English courts have in the last 12 months seen a noticeable number of cases against UK parent companies involved with subsidiaries accused of human rights breaches. Given that parents and subsidiaries are treated as separate entities with each responsible for their own activities, victims seeking to bring claims against parents for the activities of subsidiaries have to demonstrate that a parent owed them a duty of care.
The common law concept of a duty of care was set out in the case of Caparo Industries plc v Dickman which found that a party alleging to be owed a duty of care must first establish that the alleged damage was foreseeable, that there was proximity in the relationship between the party owing the duty and the party alleging damage and that it would be fair, just and reasonable to impose the duty.
In relation to parent companies owing third parties a duty of care, English courts have held that this could take place under two conditions:
where the parent has taken over the management of the relevant activity of the subsidiary in place of the subsidiary’s own management; or
where the parent has given relevant advice to the subsidiary about how it should manage a particular risk.
Duty of care falls short
Those two conditions were applied in AAA & Others v Unilever PLC and Unilever Tea Kenya Limited, a Court of Appeal case decided in July 2018 which concerned an attempt by Kenyan claimants to sue Unilever—a company registered in the UK—for the way Unilever’s Kenyan subsidiary (UTKL) had dealt with an outbreak of violent ethnic clashes at its plantation. The Court of Appeal held that the claimants had failed to show that either of the two conditions above applied to Unilever’s relationship with UTKL concluding that UTKL ‘was responsible itself for devising its own risk management policy and for handling the severe crisis which arose’. Accordingly, Unilever did not owe the claimants a duty of care.

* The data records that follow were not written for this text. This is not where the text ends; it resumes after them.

(* Let $\Lambda$ be a rank-2 Bratteli diagram and let $x$ be an infinite path in $\Lambda$ such that $o(x(0,ne_1))\to\infty$ as $n\to\infty$. Then $x$ is aperiodic: whenever $p,q\in\mathbb N^2$ satisfy $\sigma^p(x)=\sigma^q(x)$, we have $p=q$.
   Context: A $2$-graph is a countable category $\Lambda$ with a functor $d:\Lambda\to\mathbb N^2$ satisfying unique factorisation (if $d(\lambda)=m+n$ there are unique $\mu,\nu$ with $d(\mu)=m,d(\nu)=n,\lambda=\mu\nu$). Vertices = degree-$0$ paths; $r,s$ range/source; $\Lambda^n=d^{-1}(n)$; $e_1=(1,0),e_2=(0,1)$; $vE=E\cap r^{-1}(v)$, $Ev=E\cap s^{-1}(v)$. Row-finite: each $v\Lambda^n$ finite. Blue paths: degree in $\mathbb Ne_1$; red paths: degree in $\mathbb Ne_2$. $\lambda(m,n)$ is the unique path with $\lambda=\lambda'\lambda(m,n)\lambda''$, $d(\lambda')=m$, $d(\lambda(m,n))=n-m$; $\lambda(n)=\lambda(n,n)$. A cycle: $d(\lambda)\ne0$, $r(\lambda)=s(\lambda)$, $\lambda(n)\ne s(\lambda)$ for $0<n<d(\lambda)$; isolated: no $n\le d(\lambda)$ with $r(\lambda)\Lambda^n\setminus\{\lambda(0,n)\}\ne\emptyset$ and no $n\le d(\lambda)$ with $\Lambda^ns(\lambda)\setminus\{\lambda(d(\lambda)-n,d(\lambda))\}\ne\emptyset$. A rank-2 Bratteli diagram of depth $N\in\mathbb N\cup\{\infty\}$ is a row-finite 2-graph with $\Lambda^0=\bigsqcup_{0\le n\le N}V_n$ (all $n\in\mathbb N$ if $N=\infty$), each $V_n$ nonempty finite, such that: every blue edge $e$ has $r(e)\in V_n,s(e)\in V_{n+1}$ for some $n$; every vertex $v$ with $\Lambda^{e_1}v=\emptyset$ lies in $V_0$ and every $v$ with $v\Lambda^{e_1}=\emptyset$ lies in $V_N$ (none if $N=\infty$); every vertex lies on an isolated cycle of red edges and every red edge has range and source in the same $V_n$. For a blue path $\alpha$, let $f$ be the unique red edge with $s(f)=r(\alpha)$ and $\mathcal F(\alpha)$ the unique blue path with $f\alpha=\mathcal F(\alpha)f'$ for a red edge $f'$; $o(\alpha)=\min\{k>0:\mathcal F^k(\alpha)=\alpha\}$. $\Omega_2$ is the 2-graph with objects $\mathbb N^2$, morphisms $(m,n)$ for $m\le n$, $r(m,n)=m,s(m,n)=n,d(m,n)=n-m$. An infinite path is a degree-preserving functor $x:\Omega_2\to\Lambda$; write $x(m,n)$ for the image of $(m,n)$; for $p\in\mathbb N^2$, $\sigma^p(x)$ is the infinite path $(m,n)\mapsto x(m+p,n+p)$. *)

theory Defs
  imports Main "HOL-Library.Product_Plus" "HOL-Library.Product_Order"
    "HOL-Library.Countable_Set" "HOL-Library.Extended_Nat"
begin

text \<open>A 2-graph: morphisms form the set Mor of type 'a; objects are identified with
  the identity morphisms (degree-0 paths). cmp mu nu is the composite mu nu (first nu
  then mu, i.e. r (mu nu) = r mu, s (mu nu) = s nu), defined when s mu = r nu.\<close>

definition is_vertex :: "'a set \<Rightarrow> ('a \<Rightarrow> nat \<times> nat) \<Rightarrow> 'a \<Rightarrow> bool" where
  "is_vertex Mor d v \<longleftrightarrow> v \<in> Mor \<and> d v = 0"

definition two_graph ::
  "'a set \<Rightarrow> ('a \<Rightarrow> 'a) \<Rightarrow> ('a \<Rightarrow> 'a) \<Rightarrow> ('a \<Rightarrow> 'a \<Rightarrow> 'a) \<Rightarrow> ('a \<Rightarrow> nat \<times> nat) \<Rightarrow> bool" where
  "two_graph Mor r s cmp d \<longleftrightarrow>
     countable Mor
   \<and> (\<forall>l\<in>Mor. r l \<in> Mor \<and> s l \<in> Mor \<and> d (r l) = 0 \<and> d (s l) = 0
        \<and> r (r l) = r l \<and> s (r l) = r l \<and> r (s l) = s l \<and> s (s l) = s l
        \<and> cmp (r l) l = l \<and> cmp l (s l) = l)
   \<and> (\<forall>mu\<in>Mor. \<forall>nu\<in>Mor. s mu = r nu \<longrightarrow>
        cmp mu nu \<in> Mor \<and> r (cmp mu nu) = r mu \<and> s (cmp mu nu) = s nu
        \<and> d (cmp mu nu) = d mu + d nu)
   \<and> (\<forall>a\<in>Mor. \<forall>b\<in>Mor. \<forall>c\<in>Mor. s a = r b \<and> s b = r c \<longrightarrow>
        cmp (cmp a b) c = cmp a (cmp b c))
   \<and> (\<forall>l\<in>Mor. \<forall>m n. d l = m + n \<longrightarrow>
        (\<exists>!(mu, nu). mu \<in> Mor \<and> nu \<in> Mor \<and> s mu = r nu \<and> d mu = m \<and> d nu = n
                     \<and> l = cmp mu nu))"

This case when viewed alongside the two contrasting decisions of Lungowe v Vedanta and Okpabi v Royal Dutch Shell Plc presents a conflicting picture as to the amount of control required to be exercised by a parent company for them to be held liable for the activities of a subsidiary. More importantly, the cases highlight the limitations of the concept of a duty of care as a means of extending access to justice to victims claiming against UK parent companies.
A distinct statutory strict liability tort
Given the right of victims to effective state and non-state remedies under the UN Guiding Principles on Business and Human Rights, the UK has an obligation to improve access to justice in such cases through legislative means among others.
As such, a way round the limitations of the duty of care may be for the UK to introduce a distinct law founded on holding parents to account based on the economic benefit they derive from activities of subsidiaries. Under such a proposal, provided a UK parent company is involved with a subsidiary accused of major human rights abuses/breaches of environmental obligations, the parent would be held liable.
The statutory tort would of course be limited to major breaches of recognised national, international human rights/environmental principles ideally drawn from countries’ treaty obligations. Further, due to this being a strict liability tort, it would be no defence for a parent to argue that it exercised control/due diligence prior to the damage. Lastly, account would need to be made of the likelihood of parallel proceedings and double recovery in other jurisdictions.
Whilst certainly ambitious, the suggestion of replacing the duty of care with a statutory alternative in respect of parent liability has been suggested in other quarters with a notable contribution coming from the late Gwynne Skinner who argued for a similar approach to be applied to breaches of international human rights and environmental obligations occurring in ‘high-risk’ countries. Another contribution worth noting is that suggested by Amnesty International and the Business & Human Rights Resource Centre who propose a duty of care or ‘duty to prevent’ harm established by law. The ability to control, and not actual control, would be enough as a basis for liability under such a proposal.
There is no escaping the conclusion that using the duty of care approach to hold parents to account is unsatisfactory, both as a means of improving access to justice for victims and as a mechanism for determining the nature of the relationship between parents and their subsidiaries. The Supreme Court appeal hearing in Lungowe v Vedanta in January 2019 may go some way in clarifying the law but even that would not be a substitute for a distinct statutory tort specifically designed to address the parent/subsidiary relationship and access to justice.